Kermadec megapode

Scientific classification
- Domain: Eukaryota
- Kingdom: Animalia
- Phylum: Chordata
- Class: Aves
- Order: Galliformes
- Family: Megapodiidae
- Genus: Megapodius
- Species: †M. 'Raoul Island'
- Binomial name: †Megapodius 'Raoul Island'

= Kermadec megapode =

The Kermadec megapode, also known as the Raoul Island scrubfowl (Megapodius sp. nov. 'Raoul Island'), was a population of land fowl that inhabited Raoul Island of the Kermadec Islands in New Zealand. There is disagreement in whether the Kermadec megapode was a unique species or simply an isolated population of another species of megapode. It is said to have gone extinct in 1876 due to a volcanic eruption on the island. The population may have gone extinct due to factors other than the eruption, such as the introduction of mammalian predators or overhunting by humans.
Extinct population of megapode on the Kermadec Islands

== Description and habitat ==
Like all megapodes, the species would have had large feet with sharp claws, as they were ground nesting terrestrials. Megapodes are also characterised by their short beaks, large wings, and small heads. The bird was described as an omnivore that primarily inhabited forests on the floor of the Raoul caldera, the island's crater. They laid eggs in "mounds of sand and decayed leaves" around 1 m in height. According to a former resident of the island named Johnson, their habitat was covered in mud during the volcanic eruption, killing the species.

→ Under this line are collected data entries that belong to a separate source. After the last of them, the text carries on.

lemma binomial_head_Suc:
  "binomial_head (Suc k) (Suc n) x z =
     (x + z) * binomial_head (Suc k) n x z - real (n choose k) * x ^ Suc k * z ^ (n - k)"
proof -
  have shift: "real (n choose j) * x ^ j * z ^ (Suc n - j) = z * (real (n choose j) * x ^ j * z ^ (n - j))"
    for j by (cases "j \<le> n") (simp_all add: Suc_diff_le)
  have "binomial_head (Suc k) (Suc n) x z =
        z * binomial_head (Suc k) n x z + x * (\<Sum>j<k. real (n choose j) * x ^ j * z ^ (n - j))"
    unfolding binomial_head_def sum_choose_Suc_split[where F = "\<lambda>r. z ^ r"]
    by (simp add: shift sum_distrib_left distrib_left)
  also have "(\<Sum>j<k. real (n choose j) * x ^ j * z ^ (n - j)) =
             binomial_head (Suc k) n x z - real (n choose k) * x ^ k * z ^ (n - k)"
    unfolding binomial_head_def by simp
  finally show ?thesis
    by (simp add: algebra_simps)
qed

(* Splitting the event Bin(n, x/s) >= k according to the position t of the k-th success gives
   s^n - binomial_head k n x (s - x) = x^k * (\<Sum>t=k..n. C(t-1, k-1) * (s - x)^(t-k) * s^(n-t)).
   The second factor is decreasing in x; this drives the merging step. *)
primrec binomial_tail_factor :: "nat \<Rightarrow> nat \<Rightarrow> real \<Rightarrow> real \<Rightarrow> real" where
  "binomial_tail_factor k 0 x s = 0"
| "binomial_tail_factor k (Suc n) x s =
     s * binomial_tail_factor k n x s + real (n choose (k - 1)) * (s - x) ^ (Suc n - k)"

== Points for its uniqueness ==
Knowledge of this species' existence is based on an account from New Zealand botanist Thomas Cheeseman, who included a unique megapode in his list of Raoul Island birds based on a report by Johnson. In 2000, the humerus of a different species described by Johnson was confirmed to have been discovered at an archaeological site on Raoul Island, which may add credibility to his claims regarding local wildlife during his settlement on the island. It is possible that an unidentified species of megapode was brought to the island by Polynesian explorers, before the species went extinct everywhere but the Kermadec Islands.

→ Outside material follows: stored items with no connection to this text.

lemma geometric_decay_bound:
  fixes D :: "nat \<Rightarrow> real"
  assumes step: "\<And>k. D (Suc k) \<le> q * D k" and q: "q \<ge> 0"
  shows "D n \<le> q ^ n * D 0"
proof (induction n)
  case (Suc n)
  have "D (Suc n) \<le> q * D n" by (rule step)
  also have "\<dots> \<le> q * (q ^ n * D 0)" using Suc.IH q by (rule mult_left_mono)
  finally show ?case by simp
qed simp

lemma surrogate_iteration_sublinear_rate:
  fixes f :: "'a::real_normed_vector \<Rightarrow> real"
  assumes step: "\<And>n y. y \<in> Theta \<Longrightarrow>
      f (theta (Suc n)) + rho / 2 * (norm (y - theta (Suc n)))\<^sup>2
        \<le> f y + L / 2 * (norm (y - theta n))\<^sup>2"
    and mem: "\<And>n. theta n \<in> Theta" and y: "y \<in> Theta"
    and L: "L \<ge> 0" and rho: "rho \<ge> L" and n: "n \<ge> 1"
  shows "f (theta n) - f y \<le> L * (norm (theta 0 - y))\<^sup>2 / (2 * real n)"
proof -
  define D where "D k = (norm (theta k - y))\<^sup>2" for k
  have "real n * (f (theta n) - f y) \<le> L / 2 * D 0"
  proof (rule telescoping_decreasing_bound)
    fix k
    have "0 \<le> rho / 2 * (norm (theta k - theta (Suc k)))\<^sup>2" using L rho by simp
    then show "f (theta (Suc k)) - f y \<le> f (theta k) - f y"
      using step[OF mem[of k], of k] by simp
    have "L / 2 * D (Suc k) \<le> rho / 2 * D (Suc k)"
      using rho by (intro mult_right_mono) (auto simp: D_def)
    with step[OF y, of k] show "f (theta (Suc k)) - f y \<le> L / 2 * (D k - D (Suc k))"
      by (simp add: D_def norm_minus_commute algebra_simps)
  qed (use L in \<open>auto simp: D_def\<close>)
  then show ?thesis using n by (simp add: D_def field_simps)
qed

lemma surrogate_iteration_linear_rate:
  fixes f :: "'a::real_normed_vector \<Rightarrow> real"
  assumes step: "\<And>n y. y \<in> Theta \<Longrightarrow>
      f (theta (Suc n)) + rho / 2 * (norm (y - theta (Suc n)))\<^sup>2
        \<le> f y + L / 2 * (norm (y - theta n))\<^sup>2"
    and mem: "\<And>n. theta n \<in> Theta" and cv: "convex Theta"
    and thstar: "thstar \<in> argmin_on Theta f"
    and mu: "mu > 0" and scf: "strongly_convex mu f"
    and L: "L \<ge> 0" and rho: "rho \<ge> 0" and n: "n \<ge> 1"
  shows "(norm (theta n - thstar))\<^sup>2 \<le> (L / (rho + mu)) ^ n * (norm (theta 0 - thstar))\<^sup>2"
    and "f (theta n) - f thstar \<le> (L / (rho + mu)) ^ (n - 1) * (L * (norm (theta 0 - thstar))\<^sup>2 / 2)"
proof -
  define D where "D k = (norm (theta k - thstar))\<^sup>2" for k
  define q where "q = L / (rho + mu)"
  have star: "thstar \<in> Theta" using thstar by (simp add: argmin_on_def)
  have step_star: "f (theta (Suc k)) - f thstar + rho / 2 * D (Suc k) \<le> L / 2 * D k" for k
    using step[OF star, of k] by (simp add: D_def norm_minus_commute)
  have growth: "f thstar + mu / 2 * D k \<le> f (theta k)" for k
    using argmin_on_strongly_convex_quadratic_growth[OF scf _ cv thstar mem[of k]] mu
    by (simp add: D_def)
  have D_geometric: "D k \<le> q ^ k * D 0" for k
  proof (rule geometric_decay_bound)
    fix k
    have "(rho + mu) * D (Suc k) \<le> L * D k"
      using step_star[of k] growth[of "Suc k"] by (simp add: algebra_simps)
    then show "D (Suc k) \<le> q * D k" using rho mu by (simp add: q_def field_simps)
  qed (use L rho mu in \<open>simp add: q_def\<close>)
  then show "(norm (theta n - thstar))\<^sup>2 \<le> q ^ n * (norm (theta 0 - thstar))\<^sup>2"
    by (simp add: D_def)
  obtain m where m: "n = Suc m" using n by (cases n) auto
  have "0 \<le> rho / 2 * D n" using rho by (simp add: D_def)
  then have "f (theta n) - f thstar \<le> L / 2 * D m"
    using step_star[of m] m by simp
  also have "\<dots> \<le> L / 2 * (q ^ m * D 0)"
    using D_geometric[of m] L by (intro mult_left_mono) auto
  finally show "f (theta n) - f thstar \<le> q ^ (n - 1) * (L * (norm (theta 0 - thstar))\<^sup>2 / 2)"
    by (simp add: m D_def algebra_simps)
qed

theorem proposition2p3:
  fixes Theta :: "'a::euclidean_space set"
    and f :: "'a \<Rightarrow> real"
    and theta :: "nat \<Rightarrow> 'a"
    and g :: "nat \<Rightarrow> 'a \<Rightarrow> real"
    and thstar :: 'a
    and L rho :: real
  assumes "convex Theta"
    and "continuous_on UNIV f"
    and "convex_on UNIV f"
    and "bdd_below (range f)"
    and "thstar \<in> argmin_on Theta f"
    and "theta 0 \<in> Theta"
    and "rho \<ge> L"
    and "\<And>n. n \<ge> 1 \<Longrightarrow> sc_surrogate Theta L rho f (theta (n - 1)) (g n)"
    and "\<And>n. n \<ge> 1 \<Longrightarrow> theta n \<in> argmin_on Theta (g n)"
  shows "(\<forall>n\<ge>1. f (theta n) - f thstar \<le> L * (norm (theta 0 - thstar))\<^sup>2 / (2 * real n))
    \<and> (\<forall>mu>0. strongly_convex mu f \<longrightarrow>
         (\<forall>n\<ge>1. (norm (theta n - thstar))\<^sup>2 \<le> (L / (rho + mu)) ^ n * (norm (theta 0 - thstar))\<^sup>2
                \<and> f (theta n) - f thstar
                    \<le> (L / (rho + mu)) ^ (n - 1) * (L * (norm (theta 0 - thstar))\<^sup>2 / 2)))"
proof -
  have surr: "sc_surrogate Theta L rho f (theta n) (g (Suc n))" for n
    using assms(8)[of "Suc n"] by simp
  have L: "L \<ge> 0"
    using surr[of 0] first_order_surrogate_lipschitz_nonneg by (auto simp: sc_surrogate_def)
  have rho: "rho \<ge> 0" using L assms(7) by simp
  have mem: "theta n \<in> Theta" for n
    using assms(6) assms(9)[of n] by (cases n) (auto simp: argmin_on_def)
  have step: "f (theta (Suc n)) + rho / 2 * (norm (y - theta (Suc n)))\<^sup>2
      \<le> f y + L / 2 * (norm (y - theta n))\<^sup>2" if "y \<in> Theta" for n y
    using sc_surrogate_argmin_step[OF surr rho assms(1) assms(9) that] by simp
  have star: "thstar \<in> Theta" using assms(5) by (simp add: argmin_on_def)
  show ?thesis
    using surrogate_iteration_sublinear_rate[where f = f and theta = theta, OF step mem star L assms(7)]
      surrogate_iteration_linear_rate[where f = f and theta = theta, OF step mem assms(1) assms(5) _ _ L rho]
    by blast
qed

end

== Points against its uniqueness ==
There are no whole or partial specimens for biologists to analyse in order to determine the uniqueness of the megapodes found on the island. Considering the island's volcanic history, it is unlikely that an endemic species of bird would have developed or migrated to live only on the island in the 5000 years between the 1876 eruption and the one prior. The lack of other terrestrial endemic species on the Kermadec Islands suggests that the Kermadec megapode was unlikely to have been an endemic taxon, but instead a population of another extinct Polynesian species within the Megapodius genus.